> _Material for this exercise_:
(* Let $C\subseteq\mathbb{F}_2^n$ be a code. For every $i\in\{0,\dots,n\}$: (1) $\displaystyle\sum_{j=0}^n\ \sum_{s\in\mathcal S\left(\frac{\delta(C)+(\gamma-1)(i-j)}{2}\right)}\lambda(i,j,s)\,W^{\mathrm{H}}_j(C)\le\binom ni$; (2) $\displaystyle\sum_{j=0}^n\ \sum_{s\in\mathcal S\left(\frac{\hat\delta(C)+(\gamma-1)i}{2}\right)}\lambda(i,j,s)\,W^{\mathrm{H}}_j(C)\le\binom ni$.
   Context: Let $n\ge2$ and fix reals $0<p\le q<1/2$. Let $\gamma:=\log_{q/(1-p)}\left(\frac{p}{1-q}\right)$. For $x\in\mathbb{F}_2^n$, $\omega^{\mathrm{H}}(x)=|\{i:x_i=1\}|$; $d_{ab}(y,x)=|\{i: y_i=a,\ x_i=b\}|$. Discrepancy: $\delta(y,x):=\gamma\,d_{10}(y,x)+d_{01}(y,x)$; symmetric discrepancy: $\hat\delta(y,x):=\delta(y,x)-\omega^{\mathrm{H}}(y)(\gamma-1)$. A code is $C\subseteq\mathbb{F}_2^n$ with $|C|\ge2$; $\delta(C)$, $\hat\delta(C)$ are the minima of $\delta$, $\hat\delta$ over ordered pairs of distinct codewords. $W^{\mathrm{H}}_j(C)$ is the number of codewords of Hamming weight $j$. $\mathcal S:=\{a+\gamma b:a,b\in\mathbb N\}$, $\mathcal S(h):=\{s\in\mathcal S:0\le s<h\}$. For real $a,b$, $\mathrm{Bin}(a,b)=\binom ab$ if $a,b\in\mathbb N$ and $0$ otherwise, and $\lambda(i,j,s):=\mathrm{Bin}\!\left(j,\frac{i\gamma-s+j}{\gamma+1}\right)\mathrm{Bin}\!\left(n-j,\frac{s-j+i}{\gamma+1}\right)$. *)

theory Defs
  imports Complex_Main
begin

text \<open>Vectors of F_2^n are represented as boolean lists of length n (True = 1).\<close>

definition vecs :: "nat \<Rightarrow> bool list set" where
  "vecs n = {x. length x = n}"

definition gam :: "real \<Rightarrow> real \<Rightarrow> real" where
  "gam p q = log (q / (1 - p)) (p / (1 - q))"

definition hw :: "bool list \<Rightarrow> nat" where
  "hw x = card {i. i < length x \<and> x ! i}"

definition dab :: "bool \<Rightarrow> bool \<Rightarrow> bool list \<Rightarrow> bool list \<Rightarrow> nat" where
  "dab a b y x = card {i. i < length y \<and> y ! i = a \<and> x ! i = b}"

definition disc :: "real \<Rightarrow> bool list \<Rightarrow> bool list \<Rightarrow> real" where
  "disc g y x = g * real (dab True False y x) + real (dab False True y x)"

definition sdisc :: "real \<Rightarrow> bool list \<Rightarrow> bool list \<Rightarrow> real" where
  "sdisc g y x = disc g y x - real (hw y) * (g - 1)"

definition is_code :: "nat \<Rightarrow> bool list set \<Rightarrow> bool" where
  "is_code n C \<longleftrightarrow> C \<subseteq> vecs n \<and> card C \<ge> 2"

definition code_disc :: "real \<Rightarrow> bool list set \<Rightarrow> real" where
  "code_disc g C = Min {disc g y x | y x. y \<in> C \<and> x \<in> C \<and> y \<noteq> x}"

definition code_sdisc :: "real \<Rightarrow> bool list set \<Rightarrow> real" where
  "code_sdisc g C = Min {sdisc g y x | y x. y \<in> C \<and> x \<in> C \<and> y \<noteq> x}"

definition WH :: "nat \<Rightarrow> bool list set \<Rightarrow> nat" where
  "WH j C = card {x \<in> C. hw x = j}"

definition Sset :: "real \<Rightarrow> real set" where
  "Sset g = {real a + g * real b | a b. True}"

definition Sbelow :: "real \<Rightarrow> real \<Rightarrow> real set" where
  "Sbelow g h = {s \<in> Sset g. 0 \<le> s \<and> s < h}"

definition Bin :: "real \<Rightarrow> real \<Rightarrow> real" where
  "Bin a b = (if a \<in> \<nat> \<and> b \<in> \<nat> then real (nat \<lfloor>a\<rfloor> choose nat \<lfloor>b\<rfloor>) else 0)"

definition lam :: "nat \<Rightarrow> real \<Rightarrow> nat \<Rightarrow> nat \<Rightarrow> real \<Rightarrow> real" where
  "lam n g i j s = Bin (real j) ((real i * g - s + real j) / (g + 1))
                 * Bin (real n - real j) ((s - real j + real i) / (g + 1))"

end

theory Submission
  imports Defs
begin

text \<open>Sphere packing. The number of words y of weight i with \<open>\<delta>(y,x) = s\<close> is
\<open>\<lambda>(i, w(x), s)\<close>: such y are determined by how many of the ones of x they keep and how many new
ones they add, and these two numbers are pinned down by i and s. Summing over the admissible s,
the left-hand sides of both inequalities count pairs (x, y) with x \<in> C, w(y) = i and y in a
discrepancy ball around x whose radius depends only on w(x). Coordinatewise one checks
\<open>\<delta>(x,x') + \<delta>(x',x) \<le> \<Sum>\<^sub>z (2\<delta>(y,z) - (\<gamma>-1)(w(y)-w(z)))\<close> and
\<open>2\<hat>\<delta>(x,x') \<le> \<Sum>\<^sub>z (2\<delta>(y,z) - (\<gamma>-1)w(y))\<close> for z \<in> {x, x'}, so the balls around distinct
codewords are disjoint and the count is at most the number of words of weight i.\<close>

subsection \<open>Words as subsets of the coordinates\<close>

definition support :: "bool list \<Rightarrow> nat set" where
  "support y = {k. k < length y \<and> y!k}"

lemma finite_vecs: "finite (vecs n)"
proof -
  have "vecs n = {xs. set xs \<subseteq> UNIV \<and> length xs = n}" by (auto simp: vecs_def)
  then show ?thesis using finite_lists_length_eq[of "UNIV :: bool set" n] by simp
qed

lemma bij_betw_support: "bij_betw support (vecs n) (Pow {..<n})"
proof (rule bij_betw_imageI)
  show "inj_on support (vecs n)"
  proof (rule inj_onI)
    fix y y' assume "y \<in> vecs n" "y' \<in> vecs n" "support y = support y'"
    then show "y = y'"
      by (intro nth_equalityI) (auto simp: vecs_def support_def set_eq_iff)
  qed
  show "support ` vecs n = Pow {..<n}"
  proof
    show "support ` vecs n \<subseteq> Pow {..<n}" by (auto simp: support_def vecs_def)
    show "Pow {..<n} \<subseteq> support ` vecs n"
    proof
      fix Y assume "Y \<in> Pow {..<n}"
      then have "support (map (\<lambda>k. k \<in> Y) [0..<n]) = Y" by (auto simp: support_def)
      moreover have "map (\<lambda>k. k \<in> Y) [0..<n] \<in> vecs n" by (simp add: vecs_def)
      ultimately show "Y \<in> support ` vecs n" by blast
    qed
  qed
qed

lemma card_vecs_support: "card {y \<in> vecs n. P (support y)} = card {Y. Y \<subseteq> {..<n} \<and> P Y}"
proof -
  have "support ` {y \<in> vecs n. P (support y)} = {Y \<in> support ` vecs n. P Y}" by blast
  also have "\<dots> = {Y. Y \<subseteq> {..<n} \<and> P Y}"
    unfolding bij_betw_imp_surj_on[OF bij_betw_support] by blast
  finally have image: "support ` {y \<in> vecs n. P (support y)} = {Y. Y \<subseteq> {..<n} \<and> P Y}" .
  have "inj_on support {y \<in> vecs n. P (support y)}"
    by (rule inj_on_subset[OF bij_betw_imp_inj_on[OF bij_betw_support]]) blast
  from card_image[OF this] show ?thesis unfolding image by (rule sym)
qed

lemma hw_eq_card_support: "hw y = card (support y)"
  by (simp add: hw_def support_def)

lemma hw_le_length: "x \<in> vecs n \<Longrightarrow> hw x \<le> n"
  using card_mono[of "{..<n}" "support x"] by (auto simp: hw_eq_card_support support_def vecs_def)

lemma dab_eq_card_Diff:
  "length x = length y \<Longrightarrow>
    dab True False y x = card (support y - support x) \<and> dab False True y x = card (support x - support y)"
  unfolding dab_def support_def by (auto intro!: arg_cong[where f = card])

> _Task instructions_: Beginning at the line with "k < length y" and ending at the line with "y = card (support", reproduce each line of the data above exactly, and add no other lines.

> _Answer to this task_:
  "support y = {k. k < length y \<and> y!k}"

lemma finite_vecs: "finite (vecs n)"
proof -
  have "vecs n = {xs. set xs \<subseteq> UNIV \<and> length xs = n}" by (auto simp: vecs_def)
  then show ?thesis using finite_lists_length_eq[of "UNIV :: bool set" n] by simp
qed

lemma bij_betw_support: "bij_betw support (vecs n) (Pow {..<n})"
proof (rule bij_betw_imageI)
  show "inj_on support (vecs n)"
  proof (rule inj_onI)
    fix y y' assume "y \<in> vecs n" "y' \<in> vecs n" "support y = support y'"
    then show "y = y'"
      by (intro nth_equalityI) (auto simp: vecs_def support_def set_eq_iff)
  qed
  show "support ` vecs n = Pow {..<n}"
  proof
    show "support ` vecs n \<subseteq> Pow {..<n}" by (auto simp: support_def vecs_def)
    show "Pow {..<n} \<subseteq> support ` vecs n"
    proof
      fix Y assume "Y \<in> Pow {..<n}"
      then have "support (map (\<lambda>k. k \<in> Y) [0..<n]) = Y" by (auto simp: support_def)
      moreover have "map (\<lambda>k. k \<in> Y) [0..<n] \<in> vecs n" by (simp add: vecs_def)
      ultimately show "Y \<in> support ` vecs n" by blast
    qed
  qed
qed

lemma card_vecs_support: "card {y \<in> vecs n. P (support y)} = card {Y. Y \<subseteq> {..<n} \<and> P Y}"
proof -
  have "support ` {y \<in> vecs n. P (support y)} = {Y \<in> support ` vecs n. P Y}" by blast
  also have "\<dots> = {Y. Y \<subseteq> {..<n} \<and> P Y}"
    unfolding bij_betw_imp_surj_on[OF bij_betw_support] by blast
  finally have image: "support ` {y \<in> vecs n. P (support y)} = {Y. Y \<subseteq> {..<n} \<and> P Y}" .
  have "inj_on support {y \<in> vecs n. P (support y)}"
    by (rule inj_on_subset[OF bij_betw_imp_inj_on[OF bij_betw_support]]) blast
  from card_image[OF this] show ?thesis unfolding image by (rule sym)
qed

lemma hw_eq_card_support: "hw y = card (support y)"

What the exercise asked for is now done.